The world’s largest asset manager has a new multibillion-dollar renewable energy fund in the works, and a good chunk of it may go to batteries.
Long a major global investor in wind and solar energy, BlackRock has more recently begun buying into energy storage projects — including its acquisition last year of GE’s distributed solar and storage business.
Looking out over the next few years, energy storage is one market “where we’ll see the opportunity set expand,” said Martin Torres, managing director and head of the Americas at BlackRock’s renewables group.
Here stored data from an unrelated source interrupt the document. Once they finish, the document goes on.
lemma eps_strict_mono:
  fixes a :: "real^'n::finite"
  assumes "T \<subset> U" and "\<forall>i. a$i > 0"
  shows "eps T a < eps U a"
proof -
  have "(\<Sum>i\<in>U. a$i) = (\<Sum>i\<in>U - T. a$i) + (\<Sum>i\<in>T. a$i)"
    using assms(1) by (intro sum.subset_diff) auto
  moreover have "(\<Sum>i\<in>U - T. a$i) > 0"
    using assms by (intro sum_pos) auto
  ultimately show ?thesis using eps_eq_double_sum[of T a] eps_eq_double_sum[of U a] by linarith
qed

lemma eps_empty_neg:
  fixes a :: "real^'n::finite"
  assumes "\<forall>i. a$i > 0"
  shows "eps {} a < 0"
proof -
  have "eps {} a < eps UNIV a" using assms by (intro eps_strict_mono) auto
  moreover have "eps UNIV a = - eps {} a" using eps_Compl[of "{}" a] by simp
  ultimately show ?thesis by linarith
qed

lemma alpha_pos_weight_space: "b \<in> weight_space \<Longrightarrow> \<forall>i. (alpha b)$i > 0"
  unfolding weight_space_def alpha_def by (cases b) auto

lemma continuous_on_eps_alpha:
  "continuous_on UNIV (\<lambda>b::(real^'n::finite)\<times>(real^'n). eps T (alpha b))"
  unfolding eps_def alpha_def by (intro continuous_intros)

lemma eps_alpha_neg_near_closure:
  fixes b0 :: "(real^'n::finite)\<times>(real^'n)"
  assumes "b0 \<in> closure D" "eps T (alpha b0) < 0"
  shows "\<exists>b\<in>D. eps T (alpha b) < 0"
proof -
  let ?U = "{b::(real^'n)\<times>(real^'n). eps T (alpha b) < 0}"
  have "open ?U"
    using continuous_on_eps_alpha[of T] by (intro open_Collect_less) (auto intro: continuous_on_const)
  moreover have "b0 \<in> ?U" using assms by simp
  ultimately have "?U \<inter> D \<noteq> {}" using assms(1) open_Int_closure_eq_empty by blast
  thus ?thesis by blast
qed

lemma chamber_nonempty: "D \<in> chambers \<Longrightarrow> D \<noteq> {}"
  unfolding chambers_def using in_components_nonempty by blast

lemma eps_alpha_nonzero_on_chamber:
  assumes "D \<in> chambers" "b \<in> D"
  shows "eps T (alpha b) \<noteq> 0"
proof -
  have "D \<subseteq> weight_space - (\<Union>T. wall T)"
    using assms(1) in_components_subset unfolding chambers_def by blast
  thus ?thesis using assms(2) unfolding wall_def by blast
qed

lemma eps_alpha_sign_on_chamber:
  assumes "D \<in> chambers" "b \<in> D" "b' \<in> D" "eps T (alpha b) < 0"
  shows "eps T (alpha b') < 0"
proof (rule ccontr)
  assume "\<not> ?thesis"
  hence pos: "eps T (alpha b') > 0"
    using eps_alpha_nonzero_on_chamber[OF assms(1,3), of T] by linarith
  have "connected D" using assms(1) in_components_connected unfolding chambers_def by blast
  hence "connected ((\<lambda>b. eps T (alpha b)) ` D)"
    using connected_continuous_image continuous_on_subset[OF continuous_on_eps_alpha] by blast
  hence "0 \<in> (\<lambda>b. eps T (alpha b)) ` D"
    using connectedD_interval[of _ "eps T (alpha b)" "eps T (alpha b')" 0] pos assms
    by (meson image_eqI less_imp_le)
  then obtain c where "c \<in> D" "eps T (alpha c) = 0" by auto
  thus False using eps_alpha_nonzero_on_chamber[OF assms(1)] by blast
qed

lemma eps_alpha_neg_on_chamber_of_closure:
  assumes "D \<in> chambers" "b0 \<in> closure D" "eps T (alpha b0) < 0" "b \<in> D"
  shows "eps T (alpha b) < 0"
  using eps_alpha_neg_near_closure[OF assms(2,3)] eps_alpha_sign_on_chamber[OF assms(1) _ assms(4)]
  by blast

locale wall_crossing =
  fixes b0 :: "(real^'n::finite) \<times> (real^'n)" and S :: "'n set"
    and Dp Dm :: "((real^'n) \<times> (real^'n)) set"
  assumes b0_weight: "b0 \<in> weight_space"
    and b0_walls: "\<forall>T. b0 \<in> wall T \<longleftrightarrow> (T = S \<or> T = - S)"
    and Dp_chamber: "Dp \<in> chambers" and Dm_chamber: "Dm \<in> chambers"
    and b0_closure_Dp: "b0 \<in> closure Dp" and b0_closure_Dm: "b0 \<in> closure Dm"
    and eps_S_Dp: "\<forall>b\<in>Dp. eps S (alpha b) > 0"
    and eps_S_Dm: "\<forall>b\<in>Dm. eps S (alpha b) < 0"
begin

lemma eps_S_b0: "eps S (alpha b0) = 0"
  using b0_walls unfolding wall_def by blast

lemma S_nonempty: "S \<noteq> {}"
  using eps_S_b0 eps_empty_neg alpha_pos_weight_space[OF b0_weight] by force

lemma eps_neg_on_Dm_of_psubset_Compl:
  assumes "T \<subset> - S" "b \<in> Dm"
  shows "eps T (alpha b) < 0"
proof -
  have "eps T (alpha b0) < eps (- S) (alpha b0)"
    using eps_strict_mono[OF assms(1)] alpha_pos_weight_space[OF b0_weight] by blast
  thus ?thesis
    using eps_Compl[of S] eps_S_b0 eps_alpha_neg_on_chamber_of_closure[OF Dm_chamber b0_closure_Dm]
      assms(2) by simp
qed

lemma eq_S_of_separating:
  assumes Dm_neg: "\<forall>b\<in>Dm. eps T (alpha b) < 0" and "bp \<in> Dp" "\<not> eps T (alpha bp) < 0"
  shows "T = S"
proof -
  have "eps (- T) (alpha bp) < 0"
    using assms(3) eps_alpha_nonzero_on_chamber[OF Dp_chamber assms(2), of T] eps_Compl[of T]
    by simp
  hence Dp_pos: "\<forall>b\<in>Dp. eps (- T) (alpha b) < 0"
    using eps_alpha_sign_on_chamber[OF Dp_chamber assms(2)] by blast
  have "eps T (alpha b0) = 0"
  proof (rule ccontr)
    assume "eps T (alpha b0) \<noteq> 0"
    hence "eps T (alpha b0) < 0 \<or> eps (- T) (alpha b0) < 0" using eps_Compl[of T] by force
    then show False
    proof
      assume "eps T (alpha b0) < 0"
      then obtain b where "b \<in> Dp" "eps T (alpha b) < 0"
        using eps_alpha_neg_near_closure[OF b0_closure_Dp] by blast
      thus False using Dp_pos eps_Compl[of T] by force
    next
      assume "eps (- T) (alpha b0) < 0"
      then obtain b where "b \<in> Dm" "eps (- T) (alpha b) < 0"
        using eps_alpha_neg_near_closure[OF b0_closure_Dm] by blast
      thus False using Dm_neg eps_Compl[of T] by force
    qed
  qed
  hence "T = S \<or> T = - S" using b0_walls b0_weight unfolding wall_def by blast
  moreover have "T \<noteq> - S" using Dp_pos eps_S_Dp assms(2) by force
  ultimately show ?thesis by blast
qed
lemma pochhammer_Gamma_pos: "(x::real) > 0 \<Longrightarrow> pochhammer x N = Gamma (x + real N) / Gamma x"
  by (rule pochhammer_Gamma) (auto dest: nonpos_Ints_nonpos)

lemma Gamma_plus1_pos: "(x::real) > 0 \<Longrightarrow> Gamma (x + 1) = x * Gamma x"
  by (rule Gamma_plus1) (auto dest: nonpos_Ints_nonpos)

lemma htilde_even_Gamma:
  assumes a: "a > -1" and b: "b > -1" and n: "n = 2 * N"
  defines "g \<equiv> (a + 1) / 2" and "s \<equiv> (b + 1) / 2"
  shows "htilde n a b
       = Gamma g ^ 2 * Gamma (s + real N) * fact N / (Gamma (g + real N) * Gamma (g + real N + s))"
proof -
  have gp: "g > 0" unfolding g_def using a by simp
  define q where "q = g + real N"
  have q: "q > 0" unfolding q_def using gp by simp
  have e1: "(real n + b + 1) / 2 = s + real N" unfolding n s_def by (simp add: field_simps)
  have e2: "(real n + a + 3) / 2 = q + 1" unfolding n g_def q_def by (simp add: field_simps)
  have e3: "real n + a + 1 = 2 * q" unfolding n g_def q_def by (simp add: field_simps)
  have e4: "(real n + a + b + 2) / 2 = q + s" unfolding n q_def g_def s_def
    by (simp add: field_simps)
  have e5: "n div 2 = N" unfolding n by simp
  have "Gamma q > 0" "Gamma g > 0" using q gp by auto
  moreover have "even n" unfolding n by simp
  ultimately show ?thesis
    unfolding htilde_def q_def[symmetric]
    apply (simp only: e1 e2 e3 e4 e5 g_def[symmetric] if_True)
    unfolding Gamma_plus1_pos[OF q] pochhammer_Gamma_pos[OF gp] q_def[symmetric]
    by (simp add: field_simps power2_eq_square)
qed

lemma htilde_even_eq:
  assumes a: "a > -1" and b: "b > -1" and n: "n = 2 * N"
  shows "hyp_coeff N (bigJ_param n a b) ((a + 1) / 2) N * beta_norm ((a + 1) / 2) ((b + 1) / 2) N
      = htilde n a b"
proof -
  define g where "g = (a + 1) / 2"
  define s where "s = (b + 1) / 2"
  have gp: "g > 0" and sp: "s > 0" unfolding g_def s_def using a b by auto
  define G1 where "G1 = Gamma (g + real N)"
  define S1 where "S1 = Gamma (s + real N)"
  define Gg where "Gg = Gamma g"
  define Gs where "Gs = Gamma s"
  define T where "T = Gamma (g + real N + s)"
  define P where "P = pochhammer (real N + g + s) N"
  have pos: "G1 > 0" "S1 > 0" "Gg > 0" "Gs > 0" "T > 0" "P > 0"
    unfolding G1_def S1_def Gg_def Gs_def T_def P_def using gp sp by (auto intro!: pochhammer_pos)
  have A: "bigJ_param n a b = real N + g + s" unfolding bigJ_param_def n g_def s_def by simp
  have pg: "pochhammer g N = G1 / Gg" unfolding G1_def Gg_def by (rule pochhammer_Gamma_pos[OF gp])
  have ps: "pochhammer s N = S1 / Gs" unfolding S1_def Gs_def
    by (simp add: pochhammer_Gamma_pos[OF sp] add.commute)
  have B: "Beta (g + real N) s = G1 * Gs / T" unfolding Beta_def G1_def Gs_def T_def ..
  have sq: "((-1::real)^N) * (-1)^N = 1" by (simp add: power_mult_distrib[symmetric])
  have "hyp_coeff N (bigJ_param n a b) g N * beta_norm g s N = Gg^2 * S1 * fact N / (G1 * T)"
    unfolding hyp_coeff_self beta_norm_def A P_def[symmetric] pg ps B
    using pos sq by (simp add: field_simps power2_eq_square)
  then show ?thesis
    unfolding htilde_even_Gamma[OF a b n] Gg_def S1_def G1_def T_def g_def s_def .
qed

lemma htilde_odd_Gamma:
  assumes a: "a > -1" and b: "b > -1" and n: "n = 2 * N + 1"
  defines "g \<equiv> (a + 1) / 2" and "s \<equiv> (b + 1) / 2"
  shows "htilde n a b = Gamma g ^ 2 * Gamma (s + real N) * fact N * (s + real N)
                        / ((g + real N) * Gamma (g + real N) * Gamma (g + real N + s))"
proof -
  have gp: "g > 0" and sp: "s > 0" unfolding g_def s_def using a b by auto
  define q where "q = g + real N"
  define r where "r = s + real N"
  define A where "A = q + s"
  have qp: "q > 0" and rp: "r > 0" and Ap: "A > 0" unfolding q_def r_def A_def using gp sp by auto
  have e1: "real n + a + b + 1 = 2 * A" unfolding n A_def q_def g_def s_def
    by (simp add: field_simps)
  have e2: "(real n + b + 2) / 2 = r + 1" unfolding n r_def s_def by (simp add: field_simps)
  have e3: "(real n + a + 2) / 2 = q + 1" unfolding n q_def g_def by (simp add: field_simps)
  have e4: "(real n + a + b + 3) / 2 = A + 1" unfolding n A_def q_def g_def s_def
    by (simp add: field_simps)
  have e5: "(n - 1) div 2 = N" "(n + 1) div 2 = Suc N" unfolding n by simp_all
  have pgS: "pochhammer g (Suc N) = Gamma q / Gamma g * q"
    unfolding pochhammer_Suc pochhammer_Gamma_pos[OF gp] q_def ..
  have "Gamma q > 0" "Gamma r > 0" "Gamma g > 0" "Gamma A > 0" using gp qp rp Ap by auto
  moreover have "odd n" unfolding n by simp
  ultimately show ?thesis
    unfolding htilde_def q_def[symmetric] r_def[symmetric] A_def[symmetric]
    apply (simp only: e1 e2 e3 e4 e5 g_def[symmetric] if_False)
    unfolding Gamma_plus1_pos[OF rp] Gamma_plus1_pos[OF qp] Gamma_plus1_pos[OF Ap] pgS
    by (simp add: field_simps power2_eq_square)
qed

lemma pochhammer_plus1_Gamma:
  fixes x :: real
  assumes x: "x > 0"
  shows "pochhammer (x + 1) N = (x + real N) * Gamma (x + real N) / (x * Gamma x)"
proof -
  have "pochhammer (x + 1) N = Gamma (x + real N + 1) / Gamma (x + 1)"
    using x pochhammer_Gamma_pos[of "x + 1" N] by (simp add: add_ac)
  then show ?thesis using x by (simp add: Gamma_plus1_pos)
qed

lemma coeff_bigJ_odd_odd:
  assumes n: "n = 2 * N + 1"
  shows "coeff (bigJ_odd n a b c) N
       = bigJ_param n a b / ((a + 1) / 2 * (1 + c))
         * ((-1)^N * pochhammer (bigJ_param n a b + 1) N / pochhammer ((a + 1) / 2 + 1) N)"
proof -
  have "odd n" "n div 2 = N" unfolding n by simp_all
  then show ?thesis unfolding bigJ_odd_def bigJ_Q_def by (simp add: coeff_hyp_poly hyp_coeff_self)
qed

lemma htilde_odd_eq:
  assumes a: "a > -1" and b: "b > -1" and c: "c \<noteq> -1" and n: "n = 2 * N + 1"
  shows "coeff (bigJ_odd n a b c) N * (beta_norm ((a + 1) / 2) ((b + 1) / 2 + 1) N
           - c * bigJ_kappa n a b * beta_norm ((a + 1) / 2 + 1) ((b + 1) / 2) N) = htilde n a b"
proof -
  define g where "g = (a + 1) / 2"
  define s where "s = (b + 1) / 2"
  have gp: "g > 0" and sp: "s > 0" unfolding g_def s_def using a b by auto
  define q where "q = g + real N"
  define r where "r = s + real N"
  define A where "A = q + s"
  have qp: "q > 0" and rp: "r > 0" and Ap: "A > 0" unfolding q_def r_def A_def using gp sp by auto
  define G1 where "G1 = Gamma q"
  define S1 where "S1 = Gamma r"
  define Gg where "Gg = Gamma g"
  define Gs where "Gs = Gamma s"
  define T where "T = Gamma A"
  define P where "P = pochhammer (A + 1) N"
  have pos: "G1 > 0" "S1 > 0" "Gg > 0" "Gs > 0" "T > 0" "P > 0"
    unfolding G1_def S1_def Gg_def Gs_def T_def P_def using gp sp qp rp Ap
    by (auto intro!: pochhammer_pos)
  have Aeq: "bigJ_param n a b = A" unfolding bigJ_param_def n g_def s_def A_def q_def by simp
  have kp: "bigJ_kappa n a b = (g - A) / g"
    unfolding bigJ_kappa_def Aeq g_def[symmetric] unfolding n by simp
  have pg: "pochhammer g N = G1 / Gg" "pochhammer s N = S1 / Gs"
    unfolding G1_def Gg_def q_def S1_def Gs_def r_def using gp sp
    by (simp_all add: pochhammer_Gamma_pos)
  have pg1: "pochhammer (g + 1) N = q * G1 / (g * Gg)" "pochhammer (s + 1) N = r * S1 / (s * Gs)"
    unfolding G1_def Gg_def q_def S1_def Gs_def r_def using gp sp
    by (simp_all add: pochhammer_plus1_Gamma)
  have "Beta (g + real N) (s + 1) = Gamma q * Gamma (s + 1) / Gamma (A + 1)"
    "Beta (g + 1 + real N) s = Gamma (q + 1) * Gamma s / Gamma (A + 1)"
    unfolding Beta_def q_def A_def by (simp_all add: add_ac)
  then have B: "Beta (g + real N) (s + 1) = G1 * (s * Gs) / (A * T)"
    "Beta (g + 1 + real N) s = q * G1 * Gs / (A * T)"
    unfolding G1_def Gs_def T_def using sp qp Ap by (simp_all add: Gamma_plus1_pos)
  have P: "pochhammer (real N + g + (s + 1)) N = P" "pochhammer (real N + (g + 1) + s) N = P"
    unfolding P_def A_def q_def by (simp_all add: add_ac)
  have sq: "((-1::real)^N) * (-1)^N = 1" by (simp add: power_mult_distrib[symmetric])
  have gA: "g - A = - r" unfolding A_def q_def r_def by simp
  define k where "k = 1 + c"
  have k0: "k \<noteq> 0" unfolding k_def using c by auto
  have ck: "c = k - 1" unfolding k_def by simp
  have "coeff (bigJ_odd n a b c) N
      * (beta_norm g (s + 1) N - c * bigJ_kappa n a b * beta_norm (g + 1) s N)
      = Gg^2 * S1 * fact N * r / (q * G1 * T)"
    unfolding coeff_bigJ_odd_odd[OF n] Aeq g_def[symmetric] P_def[symmetric] kp beta_norm_def B P
      pg pg1 gA k_def[symmetric]
    unfolding ck
    using pos gp sp qp rp Ap k0 sq by (simp add: field_simps power2_eq_square)
  then show ?thesis
    unfolding htilde_odd_Gamma[OF a b n] Gg_def S1_def G1_def T_def A_def q_def r_def g_def s_def .
qed

lemma beta_moment_bigJ_prod:
  assumes a: "a > -1" and b: "b > -1" and c: "c^2 > 1"
  shows "beta_moment ((a + 1) / 2) ((b + 1) / 2) (bigJ_prod_fold n m a b c)
       = (if n = m then htilde n a b else 0)"
proof (cases "n = m")
  case False then show ?thesis using beta_moment_bigJ_prod_orthogonal[OF a b c, of m n] by simp
next
  case True
  have c1: "c \<noteq> -1" using c by auto
  show ?thesis
  proof (cases "even n")
    case ev: True
    then obtain N where n: "n = 2 * N" by blast
    show ?thesis using True beta_moment_bigJ_prod_even[OF a b c n] htilde_even_eq[OF a b n] by simp
  next
    case od: False
    then obtain N where n: "n = 2 * N + 1" by (metis oddE)
    show ?thesis using True beta_moment_bigJ_prod_odd[OF a b c n] htilde_odd_eq[OF a b c1 n] by simp
  qed
qed
text \<open>Shifting priorities by d < m carries the queue ahead of z on its own machine into the queue
of machine e r, rank by rank and, b being monotone, with no smaller basic times.\<close>
lemma rho_shift:
  assumes "z \<in> N" "k \<in> jobs_below rho (rho z) (prio z)" "r < m"
  defines "d \<equiv> (r + m - prio z mod m) mod m"
  shows "inv_into N prio (prio k + d) \<in> jobs_below rho (e r) (prio z)"
    and "prio (inv_into N prio (prio k + d)) = prio k + d"
    and "b k \<le> b (inv_into N prio (prio k + d))"
    and "rank (jobs_below rho (e r) (prio z)) (inv_into N prio (prio k + d))
       = rank (jobs_below rho (rho z) (prio z)) k"
proof -
  let ?l = "inv_into N prio (prio k + d)"
  have k: "k \<in> N" "prio k < prio z" "prio k mod m = prio z mod m" "rho k = rho z"
    using assms(2) by (auto simp: jobs_below_def rho_eq_iff)
  then obtain i where i: "prio z - prio k = m * i"
    using mod_eq_dvd_iff_nat[of "prio k" "prio z" m] k(2,3) by (auto elim: dvdE)
  then have "0 < i"
    using k(2) by (cases i) auto
  then have "m \<le> prio z - prio k"
    unfolding i by simp
  moreover have "d < m"
    using m_pos by (simp add: d_def)
  ultimately have "prio k + d \<in> {1..n}"
    using prio_bounds[OF k(1)] prio_bounds[OF assms(1)] by auto
  then have l: "?l \<in> N" "prio ?l = prio k + d"
    using inv_prio by auto
  moreover have "(prio k + d) mod m = r"
    unfolding d_def by (rule mod_add_offset_eq[OF k(3) assms(3)])
  then have "rho ?l = e r"
    unfolding rho_def l(2) by simp
  ultimately show "?l \<in> jobs_below rho (e r) (prio z)"
    using \<open>prio k + d \<in> {1..n}\<close> k(2) \<open>d < m\<close> \<open>m \<le> prio z - prio k\<close>
    by (auto simp: jobs_below_def)
  show "prio ?l = prio k + d"
    by (rule l(2))
  show "b k \<le> b ?l"
    using l k(1) by (intro b_mono_le) auto
  have "prio z \<le> Suc n"
    using prio_bounds[OF assms(1)] by simp
  moreover have "prio z - 1 - prio ?l = m * i - Suc d" "prio z - 1 - prio k = m * i - Suc 0"
    unfolding l(2) i[symmetric] by simp_all
  ultimately have "rank (jobs_below rho (e r) (prio z)) ?l = (m * i - Suc d) div m"
    using rank_rho[OF l(1), of "prio z"] \<open>rho ?l = e r\<close> by simp
  also have "\<dots> = (m * i - Suc 0) div m"
    using mult_minus_Suc_div_eq[OF \<open>d < m\<close> \<open>0 < i\<close>] mult_minus_Suc_div_eq[OF m_pos \<open>0 < i\<close>] by simp
  also have "\<dots> = rank (jobs_below rho (rho z) (prio z)) k"
    using rank_rho[OF k(1) \<open>prio z \<le> Suc n\<close>] k(4) \<open>prio z - 1 - prio k = m * i - Suc 0\<close> by simp
  finally show "rank (jobs_below rho (e r) (prio z)) ?l = rank (jobs_below rho (rho z) (prio z)) k" .
qed

lemma rho_greedy: "greedy M rho"
  unfolding greedy_def
proof (intro ballI conjI)
  fix z assume "z \<in> N"
  show "rho z \<in> M"
    by (rule rho_in_M)
  fix j assume "j \<in> M"
  then have "j \<in> e ` {0..<m}"
    using bij_e by (simp add: bij_betw_def)
  then obtain r where "r < m" "j = e r"
    by auto
  define d where "d = (r + m - prio z mod m) mod m"
  note shift = rho_shift[OF \<open>z \<in> N\<close> _ \<open>r < m\<close>, folded d_def]
  have "inj_on (\<lambda>k. inv_into N prio (prio k + d)) (jobs_below rho (rho z) (prio z))"
  proof (rule inj_onI)
    fix k l
    assume kl: "k \<in> jobs_below rho (rho z) (prio z)" "l \<in> jobs_below rho (rho z) (prio z)"
      and "inv_into N prio (prio k + d) = inv_into N prio (prio l + d)"
    then have "prio k = prio l"
      using shift(2)[OF kl(1)] shift(2)[OF kl(2)] by (metis add_right_cancel)
    then show "k = l"
      using kl inj_onD[OF inj_prio, of k l] by (simp add: jobs_below_def)
  qed
  then show "load (jobs_below rho (rho z) (prio z)) \<le> load (jobs_below rho j (prio z))"
    unfolding \<open>j = e r\<close>
    by (rule load_le_load_embedding[OF jobs_below_subset jobs_below_subset]) (simp add: shift(1,3,4))
qed

lemma num_after_rho_gt_iff: "k \<in> N \<Longrightarrow> u < num_after rho k \<longleftrightarrow> prio k + m * Suc u \<le> n"
  using num_after_rho[of k] prio_bounds[of k] m_pos
  by (auto simp: less_eq_div_iff_mult_less_eq Suc_le_eq[symmetric] mult.commute)

lemma card_num_after_rho_gt: "card {k\<in>N. u < num_after rho k} = n - m * Suc u"
proof -
  have "{k\<in>N. u < num_after rho k} = {k\<in>N. prio k + m * Suc u \<le> n}"
    using num_after_rho_gt_iff by blast
  then have "card {k\<in>N. u < num_after rho k} = card {x\<in>{1..n}. x + m * Suc u \<le> n}"
    by (simp only: card_filter_prio[of "\<lambda>x. x + m * Suc u \<le> n"])
  also have "{x\<in>{1..n}. x + m * Suc u \<le> n} = {1..n - m * Suc u}"
    by auto
  finally show ?thesis
    by simp
qed
lemma insert_pairing_in_NC2:
  assumes P: "P \<in> NC2 (u @ v)" and Z: "Z \<in> NC2 z"
  shows "insert_pairing (length u) (length z) P Z \<in> NC2 (u @ z @ v)"
proof -
  define L m s where "L = length u" and "m = length z" and "s = shift_from L m"
  let ?P' = "map_prod s s ` P" and ?Z' = "map_prod ((+) L) ((+) L) ` Z"
  have Pp: "pairing_on {..<L + length v} P" and Pnc: "non_crossing P"
    and Plab: "\<forall>(a, b) \<in> P. (u @ v) ! a \<noteq> (u @ v) ! b"
    using P unfolding NC2_pairing_on L_def by auto
  have Zp: "pairing_on {..<m} Z" and Znc: "non_crossing Z"
    and Zlab: "\<forall>(a, b) \<in> Z. z ! a \<noteq> z ! b"
    using Z unfolding NC2_pairing_on m_def by auto
  have mono: "strict_mono s" "strict_mono ((+) L)"
    unfolding s_def by (simp_all add: strict_mono_shift_from strict_monoI)
  have "s x \<noteq> L + y" if "y < m" for x y
    using shift_from_notin[of L m x] that unfolding s_def by auto
  then have "s ` {..<L + length v} \<inter> (+) L ` {..<m} = {}" by auto
  then have "pairing_on (s ` {..<L + length v} \<union> (+) L ` {..<m}) (?P' \<union> ?Z')"
    by (intro pairing_on_Un pairing_on_image mono Pp Zp)
  then have pairing: "pairing_on {..<length (u @ z @ v)} (?P' \<union> ?Z')"
    using lessThan_split_shift_from[of L m "length v"] unfolding s_def L_def m_def
    by (simp add: add.assoc)
  have "\<forall>(a, b) \<in> ?Z'. L \<le> a \<and> b < L + m"
    using pairing_on_pairD[OF Zp] by auto
  moreover have "\<forall>(a, b) \<in> ?P'. a \<notin> {L..<L + m} \<and> b \<notin> {L..<L + m}"
    using shift_from_notin unfolding s_def by auto
  ultimately have crossing: "non_crossing (?P' \<union> ?Z')"
    by (intro non_crossing_Un non_crossing_image mono Pnc Znc)
  have "(u @ z @ v) ! s a \<noteq> (u @ z @ v) ! s b" if "(a, b) \<in> P" for a b
    using Plab that pairing_on_pairD[OF Pp that] nth_shift_from[of _ u v z]
    unfolding s_def L_def m_def by fastforce
  moreover have "(u @ z @ v) ! (L + a) \<noteq> (u @ z @ v) ! (L + b)" if "(a, b) \<in> Z" for a b
    using Zlab that pairing_on_pairD[OF Zp that] nth_append_middle[of _ z u v]
    unfolding L_def m_def by fastforce
  ultimately have "\<forall>(a, b) \<in> ?P' \<union> ?Z'. (u @ z @ v) ! a \<noteq> (u @ z @ v) ! b"
    by auto
  with pairing crossing show ?thesis
    unfolding NC2_pairing_on insert_pairing_def s_def L_def m_def by simp
qed

lemma insert_pairing_inj:
  assumes "\<forall>(a, b) \<in> Z. a < m"
  shows "inj (\<lambda>P. insert_pairing L m P Z)"
proof (rule injI)
  fix P1 P2 assume eq: "insert_pairing L m P1 Z = insert_pairing L m P2 Z"
  let ?s = "map_prod (shift_from L m) (shift_from L m)"
  have outside: "?s ` P = {q \<in> insert_pairing L m P Z. fst q \<notin> {L..<L + m}}" for P
    using assms shift_from_notin[of L m] unfolding insert_pairing_def by fastforce
  have "?s ` P1 = ?s ` P2"
    using outside[of P1] outside[of P2] eq by simp
  moreover have "inj ?s" using strict_mono_shift_from strict_mono_imp_inj_on prod.inj_map by blast
  ultimately show "P1 = P2" by (simp add: inj_image_eq_iff)
qed

definition rainbow :: "nat \<Rightarrow> (nat \<times> nat) set" where
  "rainbow k = (\<lambda>s. (s, 2 * k - 1 - s)) ` {..<k}"

lemma rainbow_in_NC2: "rainbow k \<in> NC2 (replicate k X @ replicate k (\<not> X))"
proof -
  have "pairing_on {..<2 * k} (rainbow k)"
  proof (rule pairing_onI)
    show "a < b \<and> a \<in> {..<2 * k} \<and> b \<in> {..<2 * k}" if "(a, b) \<in> rainbow k" for a b
      using that unfolding rainbow_def by auto
    fix x assume "x \<in> {..<2 * k}"
    define s where "s = (if x < k then x else 2 * k - 1 - x)"
    show "\<exists>!p \<in> rainbow k. fst p = x \<or> snd p = x"
    proof (rule ex1I[of _ "(s, 2 * k - 1 - s)"])
      show "(s, 2 * k - 1 - s) \<in> rainbow k \<and> (fst (s, 2 * k - 1 - s) = x \<or> snd (s, 2 * k - 1 - s) = x)"
        using \<open>x \<in> {..<2 * k}\<close> unfolding rainbow_def s_def by auto
      show "p = (s, 2 * k - 1 - s)" if "p \<in> rainbow k \<and> (fst p = x \<or> snd p = x)" for p
        using that \<open>x \<in> {..<2 * k}\<close> unfolding rainbow_def s_def by auto
    qed
  qed
  moreover have "non_crossing (rainbow k)"
    unfolding non_crossing_def rainbow_def by auto
  moreover have "\<forall>(a, b) \<in> rainbow k. (replicate k X @ replicate k (\<not> X)) ! a \<noteq> (replicate k X @ replicate k (\<not> X)) ! b"
    unfolding rainbow_def by (auto simp: nth_append)
  ultimately show ?thesis by (simp add: NC2_pairing_on mult_2)
qed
A transformed investment landscape
BlackRock shook the financial universe this month when CEO Larry Fink said the company will put sustainability at the “center” of its investment approach.
Exactly what Fink’s announcement will mean for BlackRock’s fossil fuel investments remains to be seen. But in the realm of renewables, at least, BlackRock’s green bona fides need little burnishing.
BlackRock launched its first equity fund targeting renewables in 2011; since then it’s played a major role in convincing institutional investors — think pension plans, insurance companies and endowments — to look at wind and solar like they would any other infrastructure asset: boring, safe, predictably lucrative.
Since 2011, BlackRock claims to have channeled $5.5 billion into more than 250 wind and solar projects around the world, a fleet that generates enough power to keep the lights on in Spain. And its appetite for renewables investment keeps growing.
BlackRock’s first renewables private-equity fund drew around $600 million of commitments from big investors. The second, launched a few years later, brought in $1.65 billion.
With its third “vintage,” known as the Global Renewable Power III fund (GRP III), BlackRock is targeting $2.5 billion of commitments; in December it announced a record $1 billion “first close,” meaning the fund can begin making investments even as it continues to bring in more capital.
The difference between how the investing world looked at renewable energy a decade ago and the view it takes today is striking.
In 2011, BlackRock was the only big asset manager offering a renewables-only equity fund. The idea was to offer clients a “niche strategy” in what was then commonly referred to as “alternative energy.” And it wasn’t an easy sell.
“People had these negative storylines in their head,” Torres said, noting Solyndra’s high-profile bankruptcy in 2011. “We really had to focus on the underlying economics of the projects and analogizing to regular infrastructure.”
Nearly a decade later, the landscape is almost unrecognizably altered.
Today, “you can’t have a conversation around investing in infrastructure without talking about renewables,” Torres said. “It’s now the single largest area of private-market investable opportunities for infrastructure globally.”